And yet at that moment, none of that mattered. None of it seemed real, or important enough to fret over. I sat there alone in this wonderful, holy place on an unusually warm day in February, and felt nothing but peace and happiness. My future is no more secure than that of the moose and deer who had left the numerous piles I'd encountered, yet they seem to do all right, and they don't have jobs either. What's that passage from the Bible, about the lilies of the field that don't toil, but that thrive anyway? Maybe my girlfriend would know, she spent a number of years in one of those born-again churches before following her own natural ethnic spirituality to forge a belief system more consistent with her Choctaw-Cherokee roots. We've had some intense discussions on the subject. We disagree on quite a lot, but we're both in agreement on one thing: what we call prayer isn't about talking to some "god". It's about listening.

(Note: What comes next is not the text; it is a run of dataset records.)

lemma add_le_2_iff_of_squares:
  fixes A C s p :: real
  assumes "A \<ge> 0" "C \<ge> 0" "A\<^sup>2 = s + 2 * p" "C\<^sup>2 = s - 2 * p" "s \<le> 2"
  shows "A + C \<le> 2 \<longleftrightarrow> s - p\<^sup>2 \<le> 1"
proof -
  have "A + C \<le> 2 \<longleftrightarrow> (A + C)\<^sup>2 \<le> 2\<^sup>2"
    using assms power_mono_iff[of "A + C" 2 2] by simp
  also have "\<dots> \<longleftrightarrow> A * C \<le> 2 - s"
    using assms by (simp add: power2_sum) linarith
  also have "\<dots> \<longleftrightarrow> (A * C)\<^sup>2 \<le> (2 - s)\<^sup>2"
    using assms by (simp add: power_mono_iff)
  also have "(A * C)\<^sup>2 = s\<^sup>2 - 4 * p\<^sup>2"
    unfolding power_mult_distrib assms(3,4) by (simp add: power2_eq_square algebra_simps)
  finally show ?thesis
    by (simp add: power2_diff) linarith
qed

lemma norm_add_plus_norm_diff_le_2_iff:
  fixes e b :: "'a::real_inner"
  assumes "norm e < 1"
  shows "norm (e + b) + norm (e - b) \<le> 2 \<longleftrightarrow> (norm e)\<^sup>2 + (norm b)\<^sup>2 - (e \<bullet> b)\<^sup>2 \<le> 1"
    (is "?A + ?C \<le> 2 \<longleftrightarrow> ?s - ?p\<^sup>2 \<le> 1")
proof -
  have A: "?A\<^sup>2 = ?s + 2 * ?p" and C: "?C\<^sup>2 = ?s - 2 * ?p"
    by (simp_all add: power2_norm_eq_inner inner_add inner_diff inner_commute)
  have "?s \<le> 2" if "?A + ?C \<le> 2"
  proof -
    have "2 * ?s \<le> (?A + ?C)\<^sup>2"
      using A C by (simp add: power2_sum)
    also have "\<dots> \<le> 2\<^sup>2"
      using that by (intro power_mono) auto
    finally show ?thesis by simp
  qed
  moreover have "?s \<le> 2" if "?s - ?p\<^sup>2 \<le> 1"
  proof -
    have "?p\<^sup>2 \<le> (norm e)\<^sup>2 * (norm b)\<^sup>2"
      using Cauchy_Schwarz_ineq[of e b] by (simp add: power2_norm_eq_inner)
    then have "(1 - (norm e)\<^sup>2) * (1 - (norm b)\<^sup>2) \<ge> 0"
      using that by (simp add: algebra_simps)
    moreover have "(norm e)\<^sup>2 < 1"
      using assms by (simp add: abs_square_less_1)
    ultimately have "(norm b)\<^sup>2 \<le> 1"
      by (simp add: zero_le_mult_iff)
    with \<open>(norm e)\<^sup>2 < 1\<close> show ?thesis by simp
  qed
  ultimately show ?thesis
    using add_le_2_iff_of_squares[OF norm_ge_zero norm_ge_zero A C] by blast
qed

theorem mainTheorem3:
  fixes e b :: "real ^ 3" and b0 :: real
  assumes "norm e < 1"
    and "qubit_effect (bloch b0 b)"
  shows "(jointly_measurable (two_outcome (bloch 1 e)) (two_outcome (bloch b0 b)) \<longrightarrow>
            (norm e)\<^sup>2 + (norm b)\<^sup>2 - (e \<bullet> b)\<^sup>2 \<le> 1 \<and> norm (e + b) + norm (e - b) \<le> 2)
       \<and> (b0 = 1 \<and> (norm e)\<^sup>2 + (norm b)\<^sup>2 \<le> 1 + (e \<bullet> b)\<^sup>2 \<longrightarrow>
            jointly_measurable (two_outcome (bloch 1 e)) (two_outcome (bloch b0 b)))"
proof (intro conjI impI)
  assume "jointly_measurable (two_outcome (bloch 1 e)) (two_outcome (bloch b0 b))"
  then show "norm (e + b) + norm (e - b) \<le> 2"
    by (rule jointly_measurable_two_outcome_bloch_imp)
  then show "(norm e)\<^sup>2 + (norm b)\<^sup>2 - (e \<bullet> b)\<^sup>2 \<le> 1"
    using norm_add_plus_norm_diff_le_2_iff[OF assms(1)] by simp
next
  assume "b0 = 1 \<and> (norm e)\<^sup>2 + (norm b)\<^sup>2 \<le> 1 + (e \<bullet> b)\<^sup>2"
  moreover from this have "norm (e + b) + norm (e - b) \<le> 2"
    using norm_add_plus_norm_diff_le_2_iff[OF assms(1)] by simp
  ultimately show "jointly_measurable (two_outcome (bloch 1 e)) (two_outcome (bloch b0 b))"
    using jointly_measurable_two_outcome_blochI by simp
qed

end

A crow soared overhead and cried out. It wasn't the raucous "caw" you usually hear from crows, it was an odd, rattling croak, more like that of a raven. Jim M. and I would sometimes watch the crows in the yard outside our window at Markem (probably why we're out of work now!) They'd provided comic relief, waddling in ungainly, quarrelsome herds as they foraged for food in noisy dispute over delectables. Little dinosaurs, we used to call them.

There was nothing petulant or comical about the being I watched now. He rode the thermals like a hawk, climbing ever higher. I wondered what the view was like to him, and tried to envision the marsh from above as a patch of white amidst the brown and purple of the low surrounding hills, and me, a tiny green and blue speck at its northern edge. He croaked again, and it reverberated from those same hills. The only time I've ever heard that croak was from solitary individuals, probably who'd gotten separated from their flock and were searching them out. It might be an alarm call - "I'm lost, where is everybody?" It's a lonely sound. I watched him spiraling up, getting smaller and smaller until he finally heeled over to one side and disappeared over the tops of the trees. I wanted to think he'd found his tribe and was rejoining them.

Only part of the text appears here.